De Vita C, Berni Canani F, Cirillo B, Della Rotonda G M, Berni Canani R
Divisione O.R.L., Azienda Ospedaliera Santobono.
Acta Otorhinolaryngol Ital. 1996 Oct;16(5):407-11.
In children, gastroesophageal reflux (GER) plays an important role in both acute and chronic upper airway disorders including stridor, chronic cough, recurrent upper respiratory infections, obstructive apnea, laryngospasm, and wheezing. Diagnosis may prove difficult unless there is reason to suspect GER and one is aware of the concept of "silent" GER. This paper presents our experience with chronic and/or recurrent respiratory disorders of uncertain origin and without gastrointestinal symptoms in children. Thirty-two pediatric patients with upper respiratory symptoms were evaluated. Out-patient 24-hour intraesophageal pH was monitored and 56% of the patients underwent pharyngo-laryngeal fibroscopy. The patients were divided into two subgroups: Group A (18 patients < 6 months of age) and Group B (14 patients > 6 months). All the patients tested positive for GER with a mean Reflux Index of 21.5. The most common symptoms in Group A were apnea-cianosis and stridor while they were chronic cough for group B. The present study confirms the association between GER and respiratory disease and between GER respiratory-related symptoms and patient age. Emphasis is placed on the importance of otolaryngological diagnostic procedures and 24-hour pH-gastroesophageal monitoring in evaluating patients with respiratory disorders related to silent GER.

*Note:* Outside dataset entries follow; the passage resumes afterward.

lemma jacobiP_zeros_sum_inverse_differences:
  fixes z :: "'b \<Rightarrow> real"
  assumes "al > -1" "be > -1" "finite J" "inj_on z J" "card J = n"
    and zeros: "\<forall>j\<in>J. jacobiP n al be (z j) = 0" and "i \<in> J"
  shows "(\<Sum>j\<in>J - {i}. 1 / (z i - z j)) = ((al + be + 2) * z i + al - be) / (2 * (1 - (z i)\<^sup>2))"
proof -
  define P where "P = jacobi_poly n al be"
  define x where "x = z i"
  define S where "S = (\<Sum>j\<in>J - {i}. 1 / (x - z j))"
  have "poly P 1 > 0"
    using jacobiP_pos[OF assms(1,2)] by (simp add: P_def poly_jacobi_poly)
  then have "P \<noteq> 0" by auto
  moreover have "\<forall>j\<in>J. poly P (z j) = 0"
    using zeros by (simp add: P_def poly_jacobi_poly)
  ultimately have "P = smult (lead_coeff P) (\<Prod>j\<in>J. [:- z j, 1:])" "lead_coeff P \<noteq> 0"
    using poly_eq_smult_prod_roots[OF assms(3,4)] degree_jacobi_poly[of n al be] assms(5)
    by (simp_all add: P_def)
  then have P1: "poly (pderiv P) x \<noteq> 0" and P2: "poly (pderiv (pderiv P)) x = 2 * poly (pderiv P) x * S"
    using poly_pderiv_at_root_of_split_poly[OF assms(3,4,7)] unfolding x_def S_def by metis+
  have "poly P x = 0"
    using zeros assms(7) by (simp add: P_def x_def poly_jacobi_poly)
  then have "poly (pderiv P) x * (2 * (1 - x\<^sup>2) * S - ((al + be + 2) * x + al - be)) = 0"
    using jacobi_poly_ode[of x n al be] P2 by (simp add: P_def algebra_simps)
  with P1 have "2 * (1 - x\<^sup>2) * S = (al + be + 2) * x + al - be"
    by simp
  moreover have "\<bar>x\<bar> < 1"
    using jacobiP_root_bounds[OF assms(1,2)] zeros assms(7) unfolding x_def by blast
  then have "1 - x\<^sup>2 \<noteq> 0"
    using abs_square_less_1[of x] by simp
  ultimately show ?thesis
    by (simp add: S_def x_def field_simps)
qed

section \<open>Divided differences of powers\<close>

fun power_taylor_rem :: "nat \<Rightarrow> real \<Rightarrow> real poly" where
  "power_taylor_rem 0 y = 0"
| "power_taylor_rem (Suc n) y = smult y (power_taylor_rem n y) - smult (real n) (monom 1 (n - 1))"

lemma power_diff_taylor_rem:
  "x ^ n - y ^ n = real n * x ^ (n - 1) * (x - y) + (x - y)\<^sup>2 * poly (power_taylor_rem n y) x"
proof (induction n)
  case 0
  then show ?case by simp
next
  case (Suc n)
  have "x ^ Suc n - y ^ Suc n = x * (x ^ n - y ^ n) + (x - y) * (x ^ n - (x ^ n - y ^ n))"
    by (simp add: algebra_simps)
  then show ?case
    unfolding Suc.IH by (cases n) (simp_all add: poly_monom algebra_simps power2_eq_square)
qed

lemma poly_power_taylor_rem_diag:
  "poly (power_taylor_rem n x) x = - (real n * (real n - 1) / 2) * x ^ (n - 2)"
proof (induction n)
  case 0
  then show ?case by simp
next
  case (Suc n)
  show ?case
  proof (cases "n \<le> 1")
    case True
    then consider "n = 0" | "n = 1" by linarith
    then show ?thesis by cases simp_all
  next
    case False
    then have "n = Suc (Suc (n - 2))" by simp
    then obtain j where j: "n = Suc (Suc j)" by blast
    have step: "poly (power_taylor_rem (Suc n) x) x = x * poly (power_taylor_rem n x) x - real n * x ^ (n - 1)"
      by (simp add: poly_monom)
    have "x ^ (n - 1) = x * x ^ (n - 2)" "Suc n - 2 = n - 1" using j by simp_all
    then show ?thesis unfolding step Suc.IH by (simp add: field_simps)
  qed
qed

lemma degree_power_taylor_rem: "degree (power_taylor_rem n y) \<le> n - 2"
proof (induction n)
  case 0
  then show ?case by simp
next
  case (Suc n)
  then show ?case
    by (auto intro!: degree_diff_le order.trans[OF degree_smult_le] order.trans[OF degree_monom_le])
qed

lemma coeff_power_taylor_rem: "coeff (power_taylor_rem (Suc (Suc n)) y) n = - (real n + 1)"
proof -
  have "coeff (power_taylor_rem (Suc n) y) n = 0"
  proof (cases n)
    case (Suc j)
    then show ?thesis
      using degree_power_taylor_rem[of "Suc n" y] by (intro coeff_eq_0) (simp del: power_taylor_rem.simps)
  qed simp
  then show ?thesis by (simp add: coeff_monom)
qed

definition weighted_power_rem :: "nat \<Rightarrow> real \<Rightarrow> real poly" where
  "weighted_power_rem m y = power_taylor_rem m y - power_taylor_rem (m + 2) y"

lemma weighted_power_diff_quotient:
  fixes x y :: real
  assumes "x \<noteq> y"
  shows "((1 - x\<^sup>2) * x ^ m - (1 - y\<^sup>2) * y ^ m) / (x - y)\<^sup>2
       = (real m * x ^ (m - 1) - (real m + 2) * x ^ (m + 1)) / (x - y) + poly (weighted_power_rem m y) x"
proof -
  have "(1 - x\<^sup>2) * x ^ m - (1 - y\<^sup>2) * y ^ m = (x ^ m - y ^ m) - (x ^ (m + 2) - y ^ (m + 2))"
    by (simp add: algebra_simps power2_eq_square)
  also have "\<dots> = (x - y) * (real m * x ^ (m - 1) - (real m + 2) * x ^ (m + 1))
                   + (x - y)\<^sup>2 * poly (weighted_power_rem m y) x"
    unfolding power_diff_taylor_rem[of x m y] power_diff_taylor_rem[of x "m + 2" y] weighted_power_rem_def
    by (simp add: algebra_simps)
  finally have "(1 - x\<^sup>2) * x ^ m - (1 - y\<^sup>2) * y ^ m = \<dots>" .
  moreover have "x - y \<noteq> 0"
    using assms by simp
  ultimately show ?thesis
    by (simp add: add_divide_distrib power2_eq_square)
qed

lemma poly_weighted_power_rem_diag:
  "poly (weighted_power_rem m x) x
     = (real m + 2) * (real m + 1) / 2 * x ^ m - real m * (real m - 1) / 2 * x ^ (m - 2)"
  unfolding weighted_power_rem_def poly_diff poly_power_taylor_rem_diag by (simp add: algebra_simps)

lemma degree_weighted_power_rem_minus_monom:
  "degree (weighted_power_rem m y - monom (real m + 1) m) \<le> m - 1"
proof (rule degree_le, intro allI impI)
  fix k assume "m - 1 < k"
  then consider "k = m" "m \<ge> 1" | "m < k" by linarith
  then show "coeff (weighted_power_rem m y - monom (real m + 1) m) k = 0"
  proof cases
    case 1
    then show ?thesis
      using degree_power_taylor_rem[of m y] coeff_power_taylor_rem[of m y]
      by (simp add: weighted_power_rem_def coeff_eq_0 coeff_monom)
  next
    case 2
    then show ?thesis
      using degree_power_taylor_rem[of m y] degree_power_taylor_rem[of "m + 2" y]
      by (simp add: weighted_power_rem_def coeff_eq_0 coeff_monom)
  qed
qed

section \<open>The matrix S_tilde on power vectors\<close>

lemma S_tilde_mult_sqrt_weight:
  fixes z f :: "nat \<Rightarrow> real"
  assumes "i \<in> {1..N}" "\<forall>j\<in>{1..N}. \<bar>z j\<bar> \<le> 1"
  shows "(\<Sum>j=1..N. S_tilde N a b z i j * (f j * sqrt (1 - (z j)\<^sup>2)))
       = sqrt (1 - (z i)\<^sup>2) *
           (4 * (\<Sum>j\<in>{1..N} - {i}. ((1 - (z i)\<^sup>2) * f i - (1 - (z j)\<^sup>2) * f j) / (z i - z j)\<^sup>2)
            + (2 * (a + b) * (1 + z i) / (1 - z i) + 2 * b * (1 - z i) / (1 + z i)) * f i)"
proof -
  define w where "w j = 1 - (z j)\<^sup>2" for j
  have sqrt_w: "sqrt (w j) * sqrt (w j) = w j" if "j \<in> {1..N}" for j
    using assms(2) that abs_square_le_1[of "z j"] by (simp add: w_def)
  have off_diag: "S_tilde N a b z i j * (f j * sqrt (w j)) = - 4 * sqrt (w i) * (w j * f j / (z i - z j)\<^sup>2)"
    if "j \<in> {1..N} - {i}" for j
    using that sqrt_w[of j] by (auto simp: S_tilde_def w_def real_sqrt_mult)
  define R where "R = 2 * (a + b) * (1 + z i) / (1 - z i) + 2 * b * (1 - z i) / (1 + z i)"
  have diag: "S_tilde N a b z i i = 4 * (\<Sum>j\<in>{1..N} - {i}. w i / (z i - z j)\<^sup>2) + R"
    by (simp add: S_tilde_def w_def R_def)
  have "(\<Sum>j=1..N. S_tilde N a b z i j * (f j * sqrt (w j)))
      = S_tilde N a b z i i * (f i * sqrt (w i)) + (\<Sum>j\<in>{1..N} - {i}. S_tilde N a b z i j * (f j * sqrt (w j)))"
    using assms(1) by (simp add: sum.remove)
  also have "\<dots> = S_tilde N a b z i i * (f i * sqrt (w i))
      + (\<Sum>j\<in>{1..N} - {i}. - 4 * sqrt (w i) * (w j * f j / (z i - z j)\<^sup>2))"
    using off_diag by simp
  also have "\<dots> = sqrt (w i) * (4 * (\<Sum>j\<in>{1..N} - {i}. (w i * f i - w j * f j) / (z i - z j)\<^sup>2) + R * f i)"
    unfolding diag by (simp add: diff_divide_distrib sum_subtractf sum_negf sum_distrib_left sum_distrib_right
        algebra_simps)
  finally show ?thesis
    by (simp add: w_def R_def)
qed

lemma S_tilde_power_row_algebra:
  fixes x a b :: real and m :: nat
  assumes "\<bar>x\<bar> < 1" "m \<ge> 1"
  shows "4 * ((real m * x ^ (m - 1) - (real m + 2) * x ^ (m + 1)) * (((a + 2 * b) * x + a) / (2 * (1 - x\<^sup>2)))
             - poly (weighted_power_rem m x) x)
           + (2 * (a + b) * (1 + x) / (1 - x) + 2 * b * (1 - x) / (1 + x)) * x ^ m
       = 2 * (real m + 1) * (a + 2 * b - 2 - real m) * x ^ m
           + 2 * real m * a * x ^ (m - 1) + 2 * real m * (real m - 1) * x ^ (m - 2)"
proof -
  define p where "p = 1 / (1 - x)"
  define q where "q = 1 / (1 + x)"
  have "1 - x \<noteq> 0" "1 + x \<noteq> 0"
    using assms(1) by auto
  then have pq: "p * (1 - x) = 1" "q * (1 + x) = 1"
    and fractions: "((a + 2 * b) * x + a) / (2 * (1 - x\<^sup>2)) = ((a + 2 * b) * x + a) * p * q / 2"
      "2 * (a + b) * (1 + x) / (1 - x) = 2 * (a + b) * (1 + x) * p"
      "2 * b * (1 - x) / (1 + x) = 2 * b * (1 - x) * q"
    by (simp_all add: p_def q_def power2_eq_square field_simps)
  have key: "4 * ((real m * t - (real m + 2) * (x\<^sup>2 * t)) * (((a + 2 * b) * x + a) * p * q / 2)
             - ((real m + 2) * (real m + 1) / 2 * (x * t) - real m * (real m - 1) / 2 * T))
           + (2 * (a + b) * (1 + x) * p + 2 * b * (1 - x) * q) * (x * t)
       = 2 * (real m + 1) * (a + 2 * b - 2 - real m) * (x * t) + 2 * real m * a * t + 2 * real m * (real m - 1) * T"
    for t T :: real
    using pq by algebra
  obtain k where "m = Suc k"
    using assms(2) by (cases m) auto
  then have "x ^ m = x * x ^ (m - 1)" "x ^ (m + 1) = x\<^sup>2 * x ^ (m - 1)"
    by (simp_all add: power2_eq_square)
  then show ?thesis
    unfolding poly_weighted_power_rem_diag fractions by (simp only: key)
qed

lemma S_tilde_mult_power_row:
  fixes z :: "nat \<Rightarrow> real" and m :: nat
  assumes "m \<ge> 1" "inj_on z {1..N}" "\<forall>j\<in>{1..N}. \<bar>z j\<bar> < 1" "i \<in> {1..N}"
    and stieltjes: "(\<Sum>j\<in>{1..N} - {i}. 1 / (z i - z j)) = ((a + 2 * b) * z i + a) / (2 * (1 - (z i)\<^sup>2))"
  shows "(\<Sum>j=1..N. S_tilde N a b z i j * (z j ^ m * sqrt (1 - (z j)\<^sup>2)))
       = (2 * (real m + 1) * (a + 2 * b - 2 - real m) * z i ^ m
          + 2 * real m * a * z i ^ (m - 1) + 2 * real m * (real m - 1) * z i ^ (m - 2)
          + 4 * (\<Sum>j\<in>{1..N}. poly (weighted_power_rem m (z j)) (z i))) * sqrt (1 - (z i)\<^sup>2)"
proof -
  define x where "x = z i"
  define g where "g = real m * x ^ (m - 1) - (real m + 2) * x ^ (m + 1)"
  define G where "G j = poly (weighted_power_rem m (z j)) x" for j
  define c where "c = ((a + 2 * b) * x + a) / (2 * (1 - x\<^sup>2))"
  define R where "R = 2 * (a + b) * (1 + x) / (1 - x) + 2 * b * (1 - x) / (1 + x)"
  define Q where "Q = (\<Sum>j\<in>{1..N} - {i}. ((1 - x\<^sup>2) * x ^ m - (1 - (z j)\<^sup>2) * z j ^ m) / (x - z j)\<^sup>2)"
  have neq: "x \<noteq> z j" if "j \<in> {1..N} - {i}" for j
    using that assms(4) inj_on_eq_iff[OF assms(2)] unfolding x_def by blast
  have "Q = (\<Sum>j\<in>{1..N} - {i}. g / (x - z j) + G j)"
    unfolding Q_def by (rule sum.cong) (simp_all add: weighted_power_diff_quotient neq g_def G_def)
  also have "\<dots> = g * (\<Sum>j\<in>{1..N} - {i}. 1 / (x - z j)) + (\<Sum>j\<in>{1..N} - {i}. G j)"
    by (simp add: sum.distrib sum_distrib_left)
  also have "(\<Sum>j\<in>{1..N} - {i}. G j) = (\<Sum>j\<in>{1..N}. G j) - G i"
    using assms(4) by (simp add: sum_diff1)
  finally have Q: "Q = g * c - G i + (\<Sum>j\<in>{1..N}. G j)"
    using stieltjes by (simp add: x_def c_def)
  have "(\<Sum>j=1..N. S_tilde N a b z i j * (z j ^ m * sqrt (1 - (z j)\<^sup>2))) = sqrt (1 - x\<^sup>2) * (4 * Q + R * x ^ m)"
    unfolding Q_def R_def x_def by (rule S_tilde_mult_sqrt_weight) (use assms(3,4) in auto)
  also have "4 * Q + R * x ^ m = (4 * (g * c - G i) + R * x ^ m) + 4 * (\<Sum>j\<in>{1..N}. G j)"
    unfolding Q by (simp add: algebra_simps)
  also have "4 * (g * c - G i) + R * x ^ m = 2 * (real m + 1) * (a + 2 * b - 2 - real m) * x ^ m
        + 2 * real m * a * x ^ (m - 1) + 2 * real m * (real m - 1) * x ^ (m - 2)"
    unfolding g_def G_def c_def R_def x_def[symmetric] using assms(1,3,4)
    by (intro S_tilde_power_row_algebra) (auto simp: x_def)
  finally show ?thesis
    unfolding x_def[symmetric] G_def[symmetric] by (simp only: mult.commute)
qed

lemma S_tilde_power_vector:
  fixes z :: "nat \<Rightarrow> real" and m :: nat
  assumes "m \<ge> 1" "inj_on z {1..N}" "\<forall>j\<in>{1..N}. \<bar>z j\<bar> < 1"
    and stieltjes: "\<forall>i\<in>{1..N}. (\<Sum>j\<in>{1..N} - {i}. 1 / (z i - z j))
                              = ((a + 2 * b) * z i + a) / (2 * (1 - (z i)\<^sup>2))"
  shows "\<exists>p :: real poly. degree p \<le> m - 1 \<and>
           (\<forall>i\<in>{1..N}. (\<Sum>j=1..N. S_tilde N a b z i j * (z j ^ m * sqrt (1 - (z j)\<^sup>2)))
              = (2 * (real m + 1) * (2 * real N + a + 2 * b - 2 - real m) * z i ^ m + poly p (z i))
                * sqrt (1 - (z i)\<^sup>2))"
proof (intro exI conjI ballI)
  define p where "p = smult (2 * real m * a) (monom 1 (m - 1)) + smult (2 * real m * (real m - 1)) (monom 1 (m - 2))
    + smult 4 (\<Sum>j\<in>{1..N}. weighted_power_rem m (z j) - monom (real m + 1) m)"
  show "degree p \<le> m - 1"
    unfolding p_def using degree_weighted_power_rem_minus_monom
    by (intro degree_add_le order.trans[OF degree_smult_le] degree_sum_le order.trans[OF degree_monom_le]) auto
  fix i assume i: "i \<in> {1..N}"
  have poly_p: "poly p (z i) = 2 * real m * a * z i ^ (m - 1) + 2 * real m * (real m - 1) * z i ^ (m - 2)
      + 4 * (\<Sum>j\<in>{1..N}. poly (weighted_power_rem m (z j)) (z i)) - 4 * real N * (real m + 1) * z i ^ m"
    by (simp add: p_def poly_sum poly_monom sum_subtractf algebra_simps)
  show "(\<Sum>j=1..N. S_tilde N a b z i j * (z j ^ m * sqrt (1 - (z j)\<^sup>2)))
      = (2 * (real m + 1) * (2 * real N + a + 2 * b - 2 - real m) * z i ^ m + poly p (z i)) * sqrt (1 - (z i)\<^sup>2)"
    unfolding S_tilde_mult_power_row[OF assms(1-3) i stieltjes[rule_format, OF i]] poly_p
    by (simp add: algebra_simps)
qed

在儿童中,胃食管反流(GER)在急慢性上气道疾病中都起着重要作用,这些疾病包括喘鸣、慢性咳嗽、反复上呼吸道感染、阻塞性呼吸暂停、喉痉挛和喘息。除非有理由怀疑GER且了解“隐性”GER的概念,否则诊断可能会很困难。本文介绍了我们对儿童中病因不明且无胃肠道症状的慢性和/或反复呼吸道疾病的经验。对32例有上呼吸道症状的儿科患者进行了评估。对门诊患者进行了24小时食管内pH监测,56%的患者接受了咽喉纤维镜检查。患者被分为两个亚组:A组(18例年龄小于6个月)和B组(14例年龄大于6个月)。所有患者GER检测均呈阳性,平均反流指数为21.5。A组最常见的症状是呼吸暂停-发绀和喘鸣,而B组是慢性咳嗽。本研究证实了GER与呼吸系统疾病之间以及GER相关呼吸道症状与患者年龄之间的关联。强调了耳鼻喉科诊断程序和24小时pH值-胃食管监测在评估与隐性GER相关的呼吸系统疾病患者中的重要性。